What the task requires -
Using the data beneath this instruction, retype only the lines from the one that contains "text \<open>\<open>c1 +" down to the one that contains "0 \<le> wedge_divisor", both included, exactly as they appear.

Information provided -
lemma deg_wedge_divisor:
  assumes "finite V1" "finite V2" "v1 \<in> V1" "v2 \<in> V2"
  shows "deg (wedge_vertices V1 v1 V2 v2) (wedge_divisor v1 v2 A B) = deg V1 A + deg V2 B"
  using assms
  by (simp add: deg_def sum_wedge_vertices wedge_divisor_def sum.distrib sum.remove[OF assms(2,4)])

lemma divisor_wedge_decompose:
  assumes "divisor (wedge_vertices V1 v1 V2 v2) D"
  obtains A B where "divisor V1 A" "divisor V2 B"
    "\<forall>x\<in>wedge_vertices V1 v1 V2 v2. D x = wedge_divisor v1 v2 A B x"
proof
  show "divisor V1 (\<lambda>a. D (Inl a))" "divisor V2 (\<lambda>b. if b = v2 then 0 else D (Inr b))"
    using assms unfolding divisor_def wedge_vertices_def by auto
  show "\<forall>x\<in>wedge_vertices V1 v1 V2 v2. D x
      = wedge_divisor v1 v2 (\<lambda>a. D (Inl a)) (\<lambda>b. if b = v2 then 0 else D (Inr b)) x"
    unfolding wedge_vertices_def wedge_divisor_def by (auto split: if_splits)
qed

text \<open>\<open>c1 + c2\<close> is the number of chips the winning script leaves on the wedge point.\<close>

lemma winnable_wedge_divisorD:
  assumes "finite V1" "finite V2" "v1 \<in> V1" "v2 \<in> V2" "m2 v2 v2 = 0"
    and "winnable (wedge_vertices V1 v1 V2 v2) (wedge_edges m1 v1 m2 v2) (wedge_divisor v1 v2 A B)"
  obtains c1 c2 where "0 \<le> c1 + c2"
    "winnable V1 m1 (\<lambda>x. A x - (if x = v1 then c1 else 0))"
    "winnable V2 m2 (\<lambda>x. B x - (if x = v2 then c2 else 0))"
proof -
  let ?W = "wedge_vertices V1 v1 V2 v2" and ?w = "wedge_edges m1 v1 m2 v2"
  obtain f where "effective ?W (\<lambda>u. wedge_divisor v1 v2 A B u - laplacian ?W ?w f u)"
    using assms(6) unfolding winnable_def lin_equiv_def by auto
  then have eff: "\<And>u. u \<in> ?W \<Longrightarrow> 0 \<le> wedge_divisor v1 v2 A B u - laplacian ?W ?w f u"
    unfolding effective_def by blast
  define L1 where "L1 = laplacian V1 m1 (\<lambda>a. f (Inl a))"
  define L2 where "L2 = laplacian V2 m2 (wedge_restrict_right v1 v2 f)"
  define c1 where "c1 = A v1 - L1 v1"
  define c2 where "c2 = B v2 - L2 v2"
  have left: "0 \<le> A a + (if a = v1 then B v2 else 0) - (L1 a + (if a = v1 then L2 v2 else 0))"
    if "a \<in> V1" for a
    using eff[of "Inl a"] that laplacian_wedge_Inl[where ?m2.0 = m2, OF assms(1,2,4,5)]
    unfolding L1_def L2_def by (simp add: wedge_vertices_def wedge_divisor_def)
  have right: "0 \<le> B b - L2 b" if "b \<in> V2" "b \<noteq> v2" for b
    using eff[of "Inr b"] that laplacian_wedge_Inr[OF assms(1-4)]
    unfolding L2_def by (simp add: wedge_vertices_def wedge_divisor_def)
  have "0 \<le> c1 + c2"
    using left[OF assms(3)] unfolding c1_def c2_def by simp
  moreover have "effective V1 (\<lambda>a. A a - (if a = v1 then c1 else 0) - L1 a)"
    using left unfolding effective_def c1_def by fastforce
  moreover have "effective V2 (\<lambda>b. B b - (if b = v2 then c2 else 0) - L2 b)"
    using right unfolding effective_def c2_def by fastforce
  ultimately show thesis
    using that unfolding winnable_def lin_equiv_def L1_def L2_def by blast
qed

lemma Least_int_bounded_below:
  fixes P :: "int \<Rightarrow> bool"
  assumes "P x" "\<And>y. P y \<Longrightarrow> b \<le> y"
  shows "P (LEAST y. P y)" "\<And>y. P y \<Longrightarrow> (LEAST y. P y) \<le> y"
proof -
  define n where "n = (LEAST n::nat. P (b + int n))"
  have "P (b + int (nat (x - b)))" using assms by simp
  then have Pn: "P (b + int n)" unfolding n_def by (rule LeastI)
  have le: "b + int n \<le> y" if "P y" for y
  proof -
    have "P (b + int (nat (y - b)))" using assms(2) that by simp
    then have "n \<le> nat (y - b)" unfolding n_def by (rule Least_le)
    then show ?thesis using assms(2)[OF that] by linarith
  qed
  have "(LEAST y. P y) = b + int n"
    using Pn le by (intro Least_equality) auto
  then show "P (LEAST y. P y)" "\<And>y. P y \<Longrightarrow> (LEAST y. P y) \<le> y"
    using Pn le by simp_all
qed

lemma rank_at_least_wedge_divisorD:
  assumes "finite V1" "finite V2" "v1 \<in> V1" "v2 \<in> V2" "m2 v2 v2 = 0"
    and "rank_at_least (wedge_vertices V1 v1 V2 v2) (wedge_edges m1 v1 m2 v2)
      (wedge_divisor v1 v2 A B) (e1 + e2)"
    and "\<not> rank_at_least V1 m1 (\<lambda>x. A x + (if x = v1 then l else 0)) e1"
  shows "rank_at_least V2 m2 (\<lambda>x. B x + (if x = v2 then - (l + 1) else 0)) e2"
proof -
  obtain E1 where E1: "divisor V1 E1" "effective V1 E1" "deg V1 E1 = int e1"
    and not_winnable: "\<not> winnable V1 m1 (\<lambda>x. A x + (if x = v1 then l else 0) - E1 x)"
    using assms(7) unfolding rank_at_least_def by blast
  show ?thesis
    unfolding rank_at_least_def
  proof (intro allI impI, elim conjE)
    fix E2 assume E2: "divisor V2 E2" "effective V2 E2" "deg V2 E2 = int e2"
    have "winnable (wedge_vertices V1 v1 V2 v2) (wedge_edges m1 v1 m2 v2)
        (\<lambda>x. wedge_divisor v1 v2 A B x - wedge_divisor v1 v2 E1 E2 x)"
      using assms(6) divisor_wedge_divisor[OF E1(1) E2(1) assms(3)]
        effective_wedge_divisor[OF E1(2) E2(2) assms(4)]
        deg_wedge_divisor[OF assms(1-4)] E1(3) E2(3)
      unfolding rank_at_least_def by simp
    then obtain c1 c2 where c: "0 \<le> c1 + c2"
      and w1: "winnable V1 m1 (\<lambda>x. A x - E1 x - (if x = v1 then c1 else 0))"
      and w2: "winnable V2 m2 (\<lambda>x. B x - E2 x - (if x = v2 then c2 else 0))"
      using winnable_wedge_divisorD[where ?m2.0 = m2, OF assms(1-5)]
      unfolding wedge_divisor_diff[symmetric] by blast
    have "l < - c1"
    proof (rule ccontr)
      assume "\<not> l < - c1"
      then have "winnable V1 m1 (\<lambda>x. A x + (if x = v1 then l else 0) - E1 x)"
        using w1 by (elim winnable_mono) auto
      then show False using not_winnable by blast
    qed
    then show "winnable V2 m2 (\<lambda>x. B x + (if x = v2 then - (l + 1) else 0) - E2 x)"
      using w2 c by (elim winnable_mono) auto
  qed
qed
lemma rounded_parameters:
  fixes \<tau> \<tau>' v :: real and n t z W :: nat
  assumes "0 \<le> \<tau>'" "\<tau>' \<le> \<tau>" "\<tau> < 1" "0 < v" "v \<le> 1"
    and t_def: "t = nat \<lceil>\<tau> * n\<rceil>" and z_def: "z = nat \<lfloor>\<tau>' * n\<rfloor>"
    and W_def: "W = nat \<lceil>v * real (n - z)\<rceil>"
  shows "z \<le> t" "z \<le> n" "v * real (n - z) \<le> W" "W < v * real (n - z) + 1"
    "\<bar>real (t - z) - (\<tau> - \<tau>') * n\<bar> \<le> 2" "\<bar>real (n - z) - (1 - \<tau>') * n\<bar> \<le> 1"
    "\<bar>real W - v * (1 - \<tau>') * n\<bar> \<le> 2" "0 < n \<Longrightarrow> 0 < W"
proof -
  have t: "\<tau> * n \<le> t" "t < \<tau> * n + 1"
    using assms nat_ceiling_bounds[of "\<tau> * n"] by (simp_all add: t_def)
  have z: "\<tau>' * n - 1 < z" "z \<le> \<tau>' * n"
    using assms nat_floor_bounds[of "\<tau>' * n"] by (simp_all add: z_def)
  have "\<tau>' * n \<le> \<tau> * n" "\<tau>' * n \<le> n"
    using assms by (simp_all add: mult_right_mono mult_left_le_one_le)
  then show "z \<le> t" "z \<le> n"
    using t z by linarith+
  then have diffs: "real (t - z) = real t - z" "real (n - z) = real n - z"
    by (simp_all add: of_nat_diff)
  show "\<bar>real (t - z) - (\<tau> - \<tau>') * n\<bar> \<le> 2" "\<bar>real (n - z) - (1 - \<tau>') * n\<bar> \<le> 1"
    using t z unfolding diffs by (simp_all add: algebra_simps abs_le_iff)
  show W: "v * real (n - z) \<le> W" "W < v * real (n - z) + 1"
    using assms nat_ceiling_bounds[of "v * real (n - z)"] by (simp_all add: W_def)
  have "\<bar>v * real (n - z) - v * (1 - \<tau>') * n\<bar> \<le> v * 1"
    using \<open>\<bar>real (n - z) - (1 - \<tau>') * n\<bar> \<le> 1\<close> assms
    by (simp add: right_diff_distrib[symmetric] abs_mult mult_left_mono mult.assoc)
  then show "\<bar>real W - v * (1 - \<tau>') * n\<bar> \<le> 2"
    using W assms by (simp add: abs_le_iff) linarith
  assume "0 < n"
  then have "\<tau>' * n < n"
    using assms by simp
  then have "real z < real n"
    using z by linarith
  then have "0 < v * real (n - z)"
    using assms by (simp add: of_nat_diff)
  then show "0 < W"
    using W by linarith
qed
(* Let $\phi:\mathbb{N}\to\mathbb{N}$ be any function. For any instance oracle $f$ with $\max\{|f(G,v)|: G \text{ an } n\text{-node graph}, v\in G\}=o(n\phi(n))$ and any deterministic exploration algorithm $A$, there exist a constant $c>0$ and infinitely many $n$ such that for each of them there are an $n$-node graph $G$ and a starting node $v$ for which the agent executing $A$ with input $f(G,v)$ from $v$ does not explore $G$ within fewer than $c\, n^2/2^{\phi(n)}$ edge traversals. That is, exploration takes time $\Omega(n^2/2^{\phi(n)})$ on some $n$-node graph, for arbitrarily large $n$.
   Context: Model: a graph is a simple connected undirected graph with $n$ nodes. Nodes are unlabeled; at each node of degree $d$ the incident edges carry distinct port numbers $0,\dots,d-1$, arbitrarily assigned. A mobile agent starts at some node. At each step, located at a node $u$ whose degree it knows, it chooses a port at $u$ and traverses the corresponding edge to a neighbor $w$; upon arrival it learns the port number of this edge at $w$ and the degree of $w$. The agent must visit all nodes and stop; the time of exploration is the number of edge traversals. A deterministic exploration algorithm receives as input a binary string (advice); its size is its length. An instance oracle is a function assigning a binary string $f(G,v)$ to each pair $(G,v)$ where $G$ is a port-numbered graph and $v$ is the starting node of the agent in $G$. *)

theory Defs
  imports Main "HOL-Library.Landau_Symbols"
begin

text \<open>Nodes are 0..<n (the labels are invisible to the agent).
  deg u is the degree of u; port u p = (w, q) means that port p at u leads to node w,
  where this edge has port number q at w.\<close>
record pgraph =
  deg  :: "nat \<Rightarrow> nat"
  port :: "nat \<Rightarrow> nat \<Rightarrow> nat \<times> nat"

definition pg_edges :: "nat \<Rightarrow> pgraph \<Rightarrow> (nat \<times> nat) set" where
  "pg_edges n G = {(u, w). u < n \<and> (\<exists>p < deg G u. fst (port G u p) = w)}"

text \<open>G is a simple connected undirected port-numbered graph with node set {0..<n};
  values outside the graph are normalised so that there are finitely many n-node graphs.\<close>
definition pgraph_wf :: "nat \<Rightarrow> pgraph \<Rightarrow> bool" where
  "pgraph_wf n G \<longleftrightarrow>
     (\<forall>u < n. \<forall>p < deg G u.
        fst (port G u p) < n \<and> fst (port G u p) \<noteq> u \<and>
        snd (port G u p) < deg G (fst (port G u p)) \<and>
        port G (fst (port G u p)) (snd (port G u p)) = (u, p)) \<and>
     (\<forall>u < n. inj_on (\<lambda>p. fst (port G u p)) {..<deg G u}) \<and>
     (\<forall>u < n. \<forall>w < n. (u, w) \<in> (pg_edges n G)\<^sup>*) \<and>
     (\<forall>u. n \<le> u \<longrightarrow> deg G u = 0) \<and>
     (\<forall>u p. (n \<le> u \<or> deg G u \<le> p) \<longrightarrow> port G u p = (0, 0))"

text \<open>A deterministic exploration algorithm: given the advice, the degree of the start node,
  and the history of observations (port taken, port at arrival, degree of arrival node),
  it either stops (None) or chooses a port (Some p).\<close>
type_synonym algorithm = "bool list \<Rightarrow> nat \<Rightarrow> (nat \<times> nat \<times> nat) list \<Rightarrow> nat option"

fun run :: "algorithm \<Rightarrow> bool list \<Rightarrow> pgraph \<Rightarrow> nat \<Rightarrow> nat \<Rightarrow>
             (nat \<times> (nat \<times> nat \<times> nat) list) option" where
  "run A x G v 0 = Some (v, [])"
| "run A x G v (Suc k) =
     (case run A x G v k of
        None \<Rightarrow> None
      | Some (u, h) \<Rightarrow>
          (case A x (deg G v) h of
             None \<Rightarrow> None
           | Some p \<Rightarrow>
               (if p < deg G u then
                  Some (fst (port G u p),
                        h @ [(p, snd (port G u p), deg G (fst (port G u p)))])
                else None)))"

definition explores_in :: "algorithm \<Rightarrow> bool list \<Rightarrow> nat \<Rightarrow> pgraph \<Rightarrow> nat \<Rightarrow> nat \<Rightarrow> bool" where
  "explores_in A x n G v k \<longleftrightarrow>
     (\<exists>u h. run A x G v k = Some (u, h) \<and> A x (deg G v) h = None) \<and>
     {..<n} \<subseteq> {fst (the (run A x G v i)) | i. i \<le> k}"

definition max_advice :: "(pgraph \<Rightarrow> nat \<Rightarrow> bool list) \<Rightarrow> nat \<Rightarrow> nat" where
  "max_advice f n = Max {length (f G v) | G v. pgraph_wf n G \<and> v < n}"

end

theory Submission
  imports Defs "HOL-Library.Infinite_Set"
begin

text \<open>Subdivide a set S of a of the a^2 edges of the complete bipartite graph K_{a,a}; this gives
  a graph on n = 3a nodes. An agent that has explored it has visited all subdivision nodes, and
  the only information about S that reaches it during its walk is, at each first traversal of an
  edge of K_{a,a}, whether that edge is subdivided. Hence S is determined by the advice, the
  exploration time k and the set of the a steps at which a subdivided edge was discovered. If all
  these graphs were explored within T steps with advice of length at most b, this would inject the
  (a^2 choose a) choices of S into fewer than 2^(b+1) * T * (T choose a) triples, which is
  impossible for b <= a * phi(n) and T of order a^2 / 2^phi(n).\<close>

definition set_rank :: "nat set \<Rightarrow> nat \<Rightarrow> nat" where
  "set_rank S e = card {e' \<in> S. e' < e}"

definition set_unrank :: "nat set \<Rightarrow> nat \<Rightarrow> nat" where
  "set_unrank S = the_inv_into S (set_rank S)"

lemma set_rank_strict_mono:
  "finite S \<Longrightarrow> e \<in> S \<Longrightarrow> e < e' \<Longrightarrow> set_rank S e < set_rank S e'"
  unfolding set_rank_def by (rule psubset_card_mono) auto

lemma set_rank_less_card: "finite S \<Longrightarrow> e \<in> S \<Longrightarrow> set_rank S e < card S"
  unfolding set_rank_def by (rule psubset_card_mono) auto

lemma inj_on_set_rank: "finite S \<Longrightarrow> inj_on (set_rank S) S"
  by (metis inj_onI linorder_neqE_nat set_rank_strict_mono less_irrefl)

Solution to this task -
text \<open>\<open>c1 + c2\<close> is the number of chips the winning script leaves on the wedge point.\<close>

lemma winnable_wedge_divisorD:
  assumes "finite V1" "finite V2" "v1 \<in> V1" "v2 \<in> V2" "m2 v2 v2 = 0"
    and "winnable (wedge_vertices V1 v1 V2 v2) (wedge_edges m1 v1 m2 v2) (wedge_divisor v1 v2 A B)"
  obtains c1 c2 where "0 \<le> c1 + c2"
    "winnable V1 m1 (\<lambda>x. A x - (if x = v1 then c1 else 0))"
    "winnable V2 m2 (\<lambda>x. B x - (if x = v2 then c2 else 0))"
proof -
  let ?W = "wedge_vertices V1 v1 V2 v2" and ?w = "wedge_edges m1 v1 m2 v2"
  obtain f where "effective ?W (\<lambda>u. wedge_divisor v1 v2 A B u - laplacian ?W ?w f u)"
    using assms(6) unfolding winnable_def lin_equiv_def by auto
  then have eff: "\<And>u. u \<in> ?W \<Longrightarrow> 0 \<le> wedge_divisor v1 v2 A B u - laplacian ?W ?w f u"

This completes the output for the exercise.